A Flood Gauge warning system invented by Shay Fahy (11) from Athenry designed to alert whole communities and surrounding areas by e-mail or tweet when flooding is imminent was a winner in the Intel best hardware category.

“It was fantastic to see 100 entries from outside Ireland at Coolest Projects. We now have 1,020 dojos in 63 countries and reach 35,000 children a week,” said Coolest Projects co-founder Noel King. “Coolest Projects provides the bridge from learning coding skills at local CoderDojos to innovating and creating future employment. We are the piece in the middle which makes the connection.

“These digital skills are vital if Europe is to address the coding skills shortage which has led to 500,000 open job postings across the region in 2016.”

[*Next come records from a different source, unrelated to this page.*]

(* Let $q$ be a prime power and $T\in\mathbb F_q[X,Y,Z]$ a reduced polynomial satisfying Property (a): $T(a,0,z)=T(0,b,z)=z$ for all $a,b,z\in\mathbb F_q$, and at least one of the following: (c) for all $a,b,c,d\in\mathbb F_q$ with $a\neq c$ there is a unique $x\in\mathbb F_q$ with $T(x,a,b)=T(x,c,d)$; (e) for all $a,b,c,d\in\mathbb F_q$ with $a\neq c$ there is a unique pair $(y,z)\in\mathbb F_q^2$ with $T(a,y,z)=b$ and $T(c,y,z)=d$. Then for every $z\in\mathbb F_q$ the polynomial $T(X,Y,z)-z\in\mathbb F_q[X,Y]$ is a $\kappa$-polynomial over $\mathbb F_q$.
   Context: A polynomial is reduced if its degree in each variable is less than $q$. A polynomial $f\in\mathbb F_q[X_1,\dots,X_n]$ is a $\kappa$-polynomial over $\mathbb F_q$ if the number $k_a=\#\{\mathbf x\in\mathbb F_q^n: f(\mathbf x)=a\}$ is the same for all $a\in\mathbb F_q^*=\mathbb F_q\setminus\{0\}$. *)

theory Defs
  imports "HOL-Library.Cardinality"
begin

text \<open>A polynomial in F_q[X,Y,Z] is represented by its coefficient array
  c i j k (coefficient of X^i Y^j Z^k); it is reduced if all coefficients with
  some exponent \<ge> q vanish. Here q = CARD('a) for a finite field type 'a.\<close>

definition reduced3 :: "(nat \<Rightarrow> nat \<Rightarrow> nat \<Rightarrow> 'a::{finite,field}) \<Rightarrow> bool" where
  "reduced3 c \<longleftrightarrow> (\<forall>i j k. (CARD('a) \<le> i \<or> CARD('a) \<le> j \<or> CARD('a) \<le> k) \<longrightarrow> c i j k = 0)"

definition eval3 :: "(nat \<Rightarrow> nat \<Rightarrow> nat \<Rightarrow> 'a::{finite,field}) \<Rightarrow> 'a \<Rightarrow> 'a \<Rightarrow> 'a \<Rightarrow> 'a" where
  "eval3 c x y z = (\<Sum>i<CARD('a). \<Sum>j<CARD('a). \<Sum>k<CARD('a). c i j k * x ^ i * y ^ j * z ^ k)"

definition kappa2 :: "('a::{finite,field} \<Rightarrow> 'a \<Rightarrow> 'a) \<Rightarrow> bool" where
  "kappa2 f \<longleftrightarrow> (\<forall>a b. a \<noteq> 0 \<longrightarrow> b \<noteq> 0 \<longrightarrow>
      card {p. f (fst p) (snd p) = a} = card {p. f (fst p) (snd p) = b})"

end

theory Submission
  imports Defs
begin

text \<open>Fix \<open>z\<close> and put \<open>f x y = T(x,y,z)\<close>. Property (a) gives \<open>f x 0 = f 0 y = z\<close>.
  Specialising (c) to \<open>c = 0\<close> shows that for every \<open>y \<noteq> 0\<close> the map \<open>x \<mapsto> f x y\<close> is
  bijective; specialising (e) to \<open>c = 0\<close> shows the same for \<open>y \<mapsto> f x y\<close> with \<open>x \<noteq> 0\<close>.
  In the first case, for \<open>a \<noteq> 0\<close> the fibre \<open>f = z + a\<close> meets every line \<open>y = const \<noteq> 0\<close>
  exactly once and misses the line \<open>y = 0\<close>, so it has \<open>q - 1\<close> points; the second case is
  symmetric.\<close>

lemma card_fiber_eq_card_columns:
  fixes f :: "'a \<Rightarrow> 'b \<Rightarrow> 'c"
  assumes unique: "\<And>y. y \<in> B \<Longrightarrow> \<exists>!x. f x y = w"
    and outside: "\<And>x y. y \<notin> B \<Longrightarrow> f x y \<noteq> w"
  shows "card {p. f (fst p) (snd p) = w} = card B"
proof (rule bij_betw_same_card)
  show "bij_betw snd {p. f (fst p) (snd p) = w} B"
  proof (rule bij_betw_imageI)
    show "inj_on snd {p. f (fst p) (snd p) = w}"
    proof (rule inj_onI)
      fix p q
      assume p: "p \<in> {p. f (fst p) (snd p) = w}" and q: "q \<in> {p. f (fst p) (snd p) = w}"
        and "snd p = snd q"
      with outside have "snd p \<in> B" by auto
      with unique p q \<open>snd p = snd q\<close> have "fst p = fst q" by auto
      with \<open>snd p = snd q\<close> show "p = q" by (simp add: prod_eq_iff)
    qed
    show "snd ` {p. f (fst p) (snd p) = w} = B"
    proof
      show "snd ` {p. f (fst p) (snd p) = w} \<subseteq> B"
        using outside by auto
      show "B \<subseteq> snd ` {p. f (fst p) (snd p) = w}"
      proof
        fix y assume "y \<in> B"
        then obtain x where "f x y = w" using unique by blast
        then show "y \<in> snd ` {p. f (fst p) (snd p) = w}"
          by (auto intro!: image_eqI[where x = "(x, y)"])
      qed
    qed
  qed
qed

lemma kappa2_swap:
  fixes f :: "'a::{finite,field} \<Rightarrow> 'a \<Rightarrow> 'a"
  shows "kappa2 (\<lambda>x y. f y x) \<longleftrightarrow> kappa2 f"
proof -
  have "card {p. f (snd p) (fst p) = a} = card {p. f (fst p) (snd p) = a}" for a
  proof (rule bij_betw_same_card)
    show "bij_betw prod.swap {p. f (snd p) (fst p) = a} {p. f (fst p) (snd p) = a}"
      by (rule bij_betw_imageI) (auto intro!: image_eqI[where x = "prod.swap _"])
  qed
  then show ?thesis
    unfolding kappa2_def by simp
qed

lemma kappa2_if_columns_bijective:
  fixes f :: "'a::{finite,field} \<Rightarrow> 'a \<Rightarrow> 'a"
  assumes axis: "\<And>x. f x 0 = z"
    and bij: "\<And>y w. y \<noteq> 0 \<Longrightarrow> \<exists>!x. f x y = w"
  shows "kappa2 (\<lambda>x y. f x y - z)"
proof -
  have "card {p. f (fst p) (snd p) - z = a} = card {y::'a. y \<noteq> 0}" if "a \<noteq> 0" for a
  proof -
    have "{p. f (fst p) (snd p) - z = a} = {p. f (fst p) (snd p) = z + a}"
      by (auto simp: algebra_simps)
    also have "card \<dots> = card {y::'a. y \<noteq> 0}"
      by (rule card_fiber_eq_card_columns) (use axis bij \<open>a \<noteq> 0\<close> in auto)
    finally show ?thesis .
  qed
  then show ?thesis
    unfolding kappa2_def by simp
qed

lemma kappa2_if_rows_bijective:
  fixes f :: "'a::{finite,field} \<Rightarrow> 'a \<Rightarrow> 'a"
  assumes axis: "\<And>y. f 0 y = z"
    and bij: "\<And>x w. x \<noteq> 0 \<Longrightarrow> \<exists>!y. f x y = w"
  shows "kappa2 (\<lambda>x y. f x y - z)"
  using kappa2_if_columns_bijective[of "\<lambda>y x. f x y" z] assms
  by (simp add: kappa2_swap[of "\<lambda>x y. f x y - z"])

theorem theorem4p4:
  fixes c :: "nat \<Rightarrow> nat \<Rightarrow> nat \<Rightarrow> 'a::{finite,field}"
  assumes red: "reduced3 c"
    and propa: "\<forall>a b z. eval3 c a 0 z = z \<and> eval3 c 0 b z = z"
    and ce: "(\<forall>a b c' d. a \<noteq> c' \<longrightarrow> (\<exists>!x. eval3 c x a b = eval3 c x c' d))
           \<or> (\<forall>a b c' d. a \<noteq> c' \<longrightarrow>
                (\<exists>!p. eval3 c a (fst p) (snd p) = b \<and> eval3 c c' (fst p) (snd p) = d))"
  shows "\<forall>z. kappa2 (\<lambda>x y. eval3 c x y z - z)"
proof
  fix z
  from ce show "kappa2 (\<lambda>x y. eval3 c x y z - z)"
  proof
    assume c: "\<forall>a b c' d. a \<noteq> c' \<longrightarrow> (\<exists>!x. eval3 c x a b = eval3 c x c' d)"
    have "\<exists>!x. eval3 c x y z = w" if "y \<noteq> 0" for y w
      using c[rule_format, OF that, of z w] propa by simp
    then show ?thesis
      using propa by (intro kappa2_if_columns_bijective) auto
  next
    assume e: "\<forall>a b c' d. a \<noteq> c' \<longrightarrow>
                (\<exists>!p. eval3 c a (fst p) (snd p) = b \<and> eval3 c c' (fst p) (snd p) = d)"
    have "\<exists>!y. eval3 c x y z = w" if "x \<noteq> 0" for x w
    proof -
      have "(eval3 c x (fst p) (snd p) = w \<and> eval3 c 0 (fst p) (snd p) = z)
            \<longleftrightarrow> (eval3 c x (fst p) z = w \<and> snd p = z)" for p
        using propa by auto
      then have "\<exists>!p. eval3 c x (fst p) z = w \<and> snd p = z"
        using e[rule_format, OF that, of w z] by simp
      then show ?thesis
        by (metis fst_conv snd_conv prod.collapse)
    qed
    then show ?thesis
      using propa by (intro kappa2_if_rows_bijective) auto
  qed
qed

end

This year also saw the introduction of Launch’d – an event over four stages featuring 50 top international speakers as well as 100 of Ireland’s top tech start-up companies.

Among the speakers was Seattle-based Dubliner Aidan Hughes – developer of of the world’s most popular calculators, with more than 70 million combined downloads and 11 million monthly users. Michael Hunger, caretaker of the Neo4J community, talked about how his organisation helped to unravel the Panama Papers.

Coolest Projects is supported by Intel, Microsoft, Aol, Openet, Bank of Ireland, Folens, Symantec, Virgin Media, RTE, Deloitte Digital, Salesforce, Dublin City Council and Accenture.